> _Stored entries_

lemma norm_selfadjoint_corner_le_1_on_disc:
  fixes p a :: "'a::unital_cstar_algebra"
  assumes p: "projection p" and a: "star a = a" and corner: "p * a = a" "a * p = a"
    and S: "norm (p + S *\<^sub>R a) \<le> 1" "norm (p - S *\<^sub>R a) \<le> 1"
    and l: "cmod l \<le> S / 4"
  shows "norm (p + scaleC l a) \<le> 1"
proof -
  have pp: "p * p = p" "star p = p" using p by (auto simp: projection_def)
  note expand = corner_mult_expand_scaleR[OF pp(1) corner]
  have "0 \<le> S" using l norm_ge_zero[of l] by linarith
  have line: "norm (p + t *\<^sub>R a) \<le> 1" if "\<bar>t\<bar> \<le> S" for t
    using norm_add_scaleR_le_1_between[OF S that] .
  have square: "norm (p + \<sigma> *\<^sub>R (a * a)) \<le> 1" if "0 \<le> \<sigma>" "\<sigma> \<le> S\<^sup>2" for \<sigma>
  proof -
    define t where "t = sqrt \<sigma>"
    have "\<bar>t\<bar> \<le> S" "t * t = \<sigma>"
      using that real_sqrt_le_mono[OF that(2)] \<open>0 \<le> S\<close> by (auto simp: t_def)
    then have "p + \<sigma> *\<^sub>R (a * a)
        = (1/2) *\<^sub>R ((p + t *\<^sub>R a) * (p + t *\<^sub>R a)) + (1/2) *\<^sub>R ((p + (- t) *\<^sub>R a) * (p + (- t) *\<^sub>R a))"
      unfolding expand by (simp add: algebra_simps flip: scaleR_add_left)
    also have "norm \<dots> \<le> 1"
      using line[of t] line[of "- t"] \<open>\<bar>t\<bar> \<le> S\<close> by (intro norm_convex_comb_le_1 norm_mult_le_1) auto
    finally show ?thesis .
  qed
  have plane: "norm (p + s *\<^sub>R a + \<sigma> *\<^sub>R (a * a)) \<le> 1"
    if "\<bar>s\<bar> \<le> S / 2" "0 \<le> \<sigma>" "\<sigma> \<le> S\<^sup>2 / 2" for s \<sigma>
  proof -
    have "p + s *\<^sub>R a + \<sigma> *\<^sub>R (a * a)
        = (1/2) *\<^sub>R (p + (2 * s) *\<^sub>R a) + (1/2) *\<^sub>R (p + (2 * \<sigma>) *\<^sub>R (a * a))"
      by (simp add: algebra_simps flip: scaleR_add_left)
    also have "norm \<dots> \<le> 1"
      using line[of "2 * s"] square[of "2 * \<sigma>"] that by (intro norm_convex_comb_le_1) auto
    finally show ?thesis .
  qed
  have "star (p + scaleC l a) = p + scaleC (cnj l) a"
    using pp a by (simp add: star_add star_scaleC)
  then have "star (p + scaleC l a) * (p + scaleC l a) = p + scaleC (cnj l + l) a + scaleC (cnj l * l) (a * a)"
    using corner_mult_expand_scaleC[OF pp(1) corner] by simp
  also have "\<dots> = p + (2 * Re l) *\<^sub>R a + (cmod l)\<^sup>2 *\<^sub>R (a * a)"
  proof -
    have "cnj l + l = of_real (2 * Re l)"
      by (simp add: complex_add_cnj add.commute)
    moreover have "cnj l * l = of_real ((cmod l)\<^sup>2)"
      using complex_norm_square[of l] by (simp add: mult.commute)
    ultimately
    show ?thesis by (simp only: scaleC_of_real)
  qed
  finally have "(norm (p + scaleC l a))\<^sup>2 = norm (p + (2 * Re l) *\<^sub>R a + (cmod l)\<^sup>2 *\<^sub>R (a * a))"
    by (metis cstar_identity)
  also have "\<dots> \<le> 1"
  proof (rule plane)
    show "\<bar>2 * Re l\<bar> \<le> S / 2" using abs_Re_le_cmod[of l] l by linarith
    have "(cmod l)\<^sup>2 \<le> (S / 4)\<^sup>2" using l by (simp add: power_mono)
    then have "(cmod l)\<^sup>2 * 16 \<le> S\<^sup>2" by (simp add: power_divide)
    then show "(cmod l)\<^sup>2 \<le> S\<^sup>2 / 2"
      using zero_le_power2[of "cmod l"] by linarith
  qed simp
  finally show ?thesis by (simp add: power_le_one_iff)
qed
lemma holds_phi_ge:
  assumes r: "r \<in> F" "1 < r"
  shows "holds M (phi_ge r)"
proof -
  obtain k :: nat where "1 / (r - 1) \<le> real k"
    using real_arch_simple by blast
  then have rk: "(real k + 2) / (real k + 1) \<le> r"
    using r by (simp add: field_simps)
  have "(real k + 2) / (real k + 1) \<in> F"
    using subfield_of_reals_of_nat_divide[OF F, of "k + 2" "k + 1"] by (simp add: add.commute)
  with r rk have "struct_le M (struct_const M ((real k + 2) / (real k + 1))) x"
    if "x \<in> carrier M" "struct_le M (struct_const M r) x" for x
    using const_le_split that by blast
  then show ?thesis
    by (auto simp: holds_def sat_phi_ge intro: poly_nonneg_above)
qed

end

section \<open>The ultrapower of the reals\<close>

definition free_filter_sets :: "nat set set \<Rightarrow> bool" where
  "free_filter_sets \<U> \<longleftrightarrow> {} \<notin> \<U> \<and> (\<forall>A\<in>\<U>. \<forall>B\<in>\<U>. A \<inter> B \<in> \<U>) \<and>
     (\<forall>A\<in>\<U>. \<forall>B. A \<subseteq> B \<longrightarrow> B \<in> \<U>) \<and> {A. finite (- A)} \<subseteq> \<U>"

lemma ex_maximal_free_filter_sets:
  "\<exists>\<U>. free_filter_sets \<U> \<and> (\<forall>\<V>. free_filter_sets \<V> \<longrightarrow> \<U> \<subseteq> \<V> \<longrightarrow> \<V> = \<U>)"
proof -
  have "finite (- B)" if "A \<subseteq> B" "finite (- A)" for A B :: "nat set"
    using that by (meson Compl_anti_mono finite_subset)
  then have "free_filter_sets {A. finite (- A)}"
    by (simp add: free_filter_sets_def)
  moreover have "free_filter_sets (\<Union>\<C>)"
    if "\<C> \<noteq> {}" and chain: "subset.chain (Collect free_filter_sets) \<C>" for \<C>
  proof -
    have \<C>: "\<And>\<U>. \<U> \<in> \<C> \<Longrightarrow> free_filter_sets \<U>"
      "\<And>\<U> \<V>. \<U> \<in> \<C> \<Longrightarrow> \<V> \<in> \<C> \<Longrightarrow> \<U> \<subseteq> \<V> \<or> \<V> \<subseteq> \<U>"
      using chain by (auto simp: subset_chain_def)
    have "A \<inter> B \<in> \<Union>\<C>" if AB: "A \<in> \<U>" "B \<in> \<V>" "\<U> \<in> \<C>" "\<V> \<in> \<C>" for A B \<U> \<V>
    proof -
      obtain \<W> where "\<W> \<in> \<C>" "A \<in> \<W>" "B \<in> \<W>"
        using \<C>(2)[of \<U> \<V>] AB by blast
      then show ?thesis
        using \<C>(1)[of \<W>] by (auto simp: free_filter_sets_def)
    qed
    then have "\<forall>A\<in>\<Union>\<C>. \<forall>B\<in>\<Union>\<C>. A \<inter> B \<in> \<Union>\<C>"
      by blast
    moreover have "{} \<notin> \<Union>\<C>" "\<forall>A\<in>\<Union>\<C>. \<forall>B. A \<subseteq> B \<longrightarrow> B \<in> \<Union>\<C>"
      using \<C>(1) by (auto simp: free_filter_sets_def)
    moreover obtain \<U> where "\<U> \<in> \<C>"
      using \<open>\<C> \<noteq> {}\<close> by blast
    then have "{A. finite (- A)} \<subseteq> \<Union>\<C>"
      using \<C>(1) by (auto simp: free_filter_sets_def)
    ultimately show ?thesis
      by (simp add: free_filter_sets_def)
  qed
  ultimately show ?thesis
    using subset_Zorn_nonempty[of "Collect free_filter_sets"] by blast
qed

lemma maximal_free_filter_sets_ultra:
  assumes \<U>: "free_filter_sets \<U>" and max: "\<And>\<V>. free_filter_sets \<V> \<Longrightarrow> \<U> \<subseteq> \<V> \<Longrightarrow> \<V> = \<U>"
  shows "A \<in> \<U> \<or> - A \<in> \<U>"
proof (rule ccontr)
  assume neither: "\<not> (A \<in> \<U> \<or> - A \<in> \<U>)"
  define \<V> where "\<V> = {B. \<exists>U\<in>\<U>. U \<inter> A \<subseteq> B}"
  have "{} \<notin> \<V>"
  proof
    assume "{} \<in> \<V>"
    then obtain U where "U \<in> \<U>" "U \<subseteq> - A"
      by (auto simp: \<V>_def)
    then show False
      using \<U> neither by (simp add: free_filter_sets_def)
  qed
  moreover have "B1 \<inter> B2 \<in> \<V>" if B: "B1 \<in> \<V>" "B2 \<in> \<V>" for B1 B2
  proof -
    obtain U1 U2 where "U1 \<in> \<U>" "U1 \<inter> A \<subseteq> B1" "U2 \<in> \<U>" "U2 \<inter> A \<subseteq> B2"
      using B unfolding \<V>_def by blast
    moreover have "U1 \<inter> U2 \<in> \<U>"
      using \<U> calculation by (simp add: free_filter_sets_def)
    ultimately show ?thesis
      unfolding \<V>_def by blast
  qed
  moreover have "C \<in> \<V>" if "B \<in> \<V>" "B \<subseteq> C" for B C
    using that unfolding \<V>_def by blast
  moreover have "\<U> \<subseteq> \<V>"
    by (auto simp: \<V>_def)
  moreover have "{A. finite (- A)} \<subseteq> \<U>"
    using \<U> by (simp add: free_filter_sets_def)
  ultimately have "free_filter_sets \<V>"
    unfolding free_filter_sets_def by (intro conjI ballI allI impI) auto
  then have "\<V> = \<U>"
    using max \<open>\<U> \<subseteq> \<V>\<close> by blast
  moreover have "UNIV \<in> \<U>"
    using \<U> by (auto simp: free_filter_sets_def)
  then have "A \<in> \<V>"
    by (auto simp: \<V>_def)
  ultimately show False
    using neither by simp
qed
(* Let $\mathbb{H}$ be any real Hilbert space (of dimension at least $2$) and $T\in\mathbb{L}(\ell_4^2,\mathbb{H})$ of rank one with $\|T\|=1$. Then $T$ is an extreme contraction if and only if $M_T=\{\pm(1,0)\}$ or $M_T=\{\pm(0,1)\}$. In particular, if $\mathbb{H}=\ell_2^n$, then the rank one extreme contractions in $\mathbb{L}(\ell_4^2,\ell_2^n)$ are exactly the operators whose matrix representations with respect to the standard ordered bases are of the form $\begin{bmatrix} x_1&0\\ x_2&0\\ \vdots&\vdots\\ x_n&0\end{bmatrix}$ or $\begin{bmatrix} 0&x_1\\ 0&x_2\\ \vdots&\vdots\\ 0&x_n\end{bmatrix}$, where $x_1^2+x_2^2+\cdots+x_n^2=1$.
   Context: $\ell_q^m$ is $\mathbb{R}^m$ with the $q$-norm. $M_T=\{u\in\ell_4^2:\|u\|=1,\ \|Tu\|=\|T\|\}$. An extreme contraction is a norm one operator that is an extreme point of the closed unit ball of $\mathbb{L}(\ell_4^2,\mathbb{H})$ (bounded linear operators, operator norm). *)

theory Defs
  imports "HOL-Analysis.Analysis"
begin

definition norm4 :: "real \<times> real \<Rightarrow> real" where
  "norm4 u = root 4 ((fst u) ^ 4 + (snd u) ^ 4)"

definition opnorm4 :: "(real \<times> real \<Rightarrow> 'h::real_normed_vector) \<Rightarrow> real" where
  "opnorm4 T = (SUP u\<in>{u. norm4 u = 1}. norm (T u))"

definition MT :: "(real \<times> real \<Rightarrow> 'h::real_normed_vector) \<Rightarrow> (real \<times> real) set" where
  "MT T = {u. norm4 u = 1 \<and> norm (T u) = opnorm4 T}"

definition unit_ball4 :: "(real \<times> real \<Rightarrow> 'h::real_normed_vector) set" where
  "unit_ball4 = {S. linear S \<and> opnorm4 S \<le> 1}"

definition extreme_contraction :: "(real \<times> real \<Rightarrow> 'h::real_normed_vector) \<Rightarrow> bool" where
  "extreme_contraction T \<longleftrightarrow> linear T \<and> opnorm4 T = 1 \<and> T \<in> unit_ball4 \<and>
     (\<forall>S1\<in>unit_ball4. \<forall>S2\<in>unit_ball4. \<forall>t::real. 0 < t \<and> t < 1 \<and>
        T = (\<lambda>u. t *\<^sub>R S1 u + (1 - t) *\<^sub>R S2 u) \<longrightarrow> S1 = S2)"

end

(*
  A rank one operator has the form T u = (a x + b y) h with h a unit vector, and
  \<parallel>T\<parallel> = 1 says that the functional (a, b) has norm one in the dual space \<ell>_{4/3}.

  If b = 0, a decomposition T = t S1 + (1 - t) S2 inside the unit ball forces S1 (1,0) = S2 (1,0)
  = T (1,0) by strict convexity of the Hilbert space; then \<parallel>S (1,t)\<parallel>\<^sup>4 \<le> 1 + t\<^sup>4 forces S (0,1) = 0,
  because the Hilbert norm of S (1,0) + t S (0,1) grows quadratically in t.  Hence T is extreme and
  attains its norm only at \<plusminus>(1,0).  The same argument shows that an operator attaining its norm at
  (1,0) kills (0,1), which gives the converse for M_T.

  If a = s\<^sup>3 and b = r\<^sup>3 are both nonzero, the defect in Hoelder's inequality for (s\<^sup>3, r\<^sup>3) is an
  explicit sum of squares with the factor (r x - s y)\<^sup>2, so T \<plusminus> \<delta> (r x - s y) k, with k a unit
  vector orthogonal to h, are both contractions for small \<delta> > 0, and T is their midpoint.
*)

theory Submission
  imports Defs
begin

> _Task_
Repeat only what lies between the first line of the data and the line containing "(p + s *\<^sub>R a +", both of those lines included, exactly as it stands.

> _Result for this task_
lemma norm_selfadjoint_corner_le_1_on_disc:
  fixes p a :: "'a::unital_cstar_algebra"
  assumes p: "projection p" and a: "star a = a" and corner: "p * a = a" "a * p = a"
    and S: "norm (p + S *\<^sub>R a) \<le> 1" "norm (p - S *\<^sub>R a) \<le> 1"
    and l: "cmod l \<le> S / 4"
  shows "norm (p + scaleC l a) \<le> 1"
proof -
  have pp: "p * p = p" "star p = p" using p by (auto simp: projection_def)
  note expand = corner_mult_expand_scaleR[OF pp(1) corner]
  have "0 \<le> S" using l norm_ge_zero[of l] by linarith
  have line: "norm (p + t *\<^sub>R a) \<le> 1" if "\<bar>t\<bar> \<le> S" for t
    using norm_add_scaleR_le_1_between[OF S that] .
  have square: "norm (p + \<sigma> *\<^sub>R (a * a)) \<le> 1" if "0 \<le> \<sigma>" "\<sigma> \<le> S\<^sup>2" for \<sigma>
  proof -
    define t where "t = sqrt \<sigma>"
    have "\<bar>t\<bar> \<le> S" "t * t = \<sigma>"
      using that real_sqrt_le_mono[OF that(2)] \<open>0 \<le> S\<close> by (auto simp: t_def)
    then have "p + \<sigma> *\<^sub>R (a * a)
        = (1/2) *\<^sub>R ((p + t *\<^sub>R a) * (p + t *\<^sub>R a)) + (1/2) *\<^sub>R ((p + (- t) *\<^sub>R a) * (p + (- t) *\<^sub>R a))"
      unfolding expand by (simp add: algebra_simps flip: scaleR_add_left)
    also have "norm \<dots> \<le> 1"
      using line[of t] line[of "- t"] \<open>\<bar>t\<bar> \<le> S\<close> by (intro norm_convex_comb_le_1 norm_mult_le_1) auto
    finally show ?thesis .
  qed
  have plane: "norm (p + s *\<^sub>R a + \<sigma> *\<^sub>R (a * a)) \<le> 1"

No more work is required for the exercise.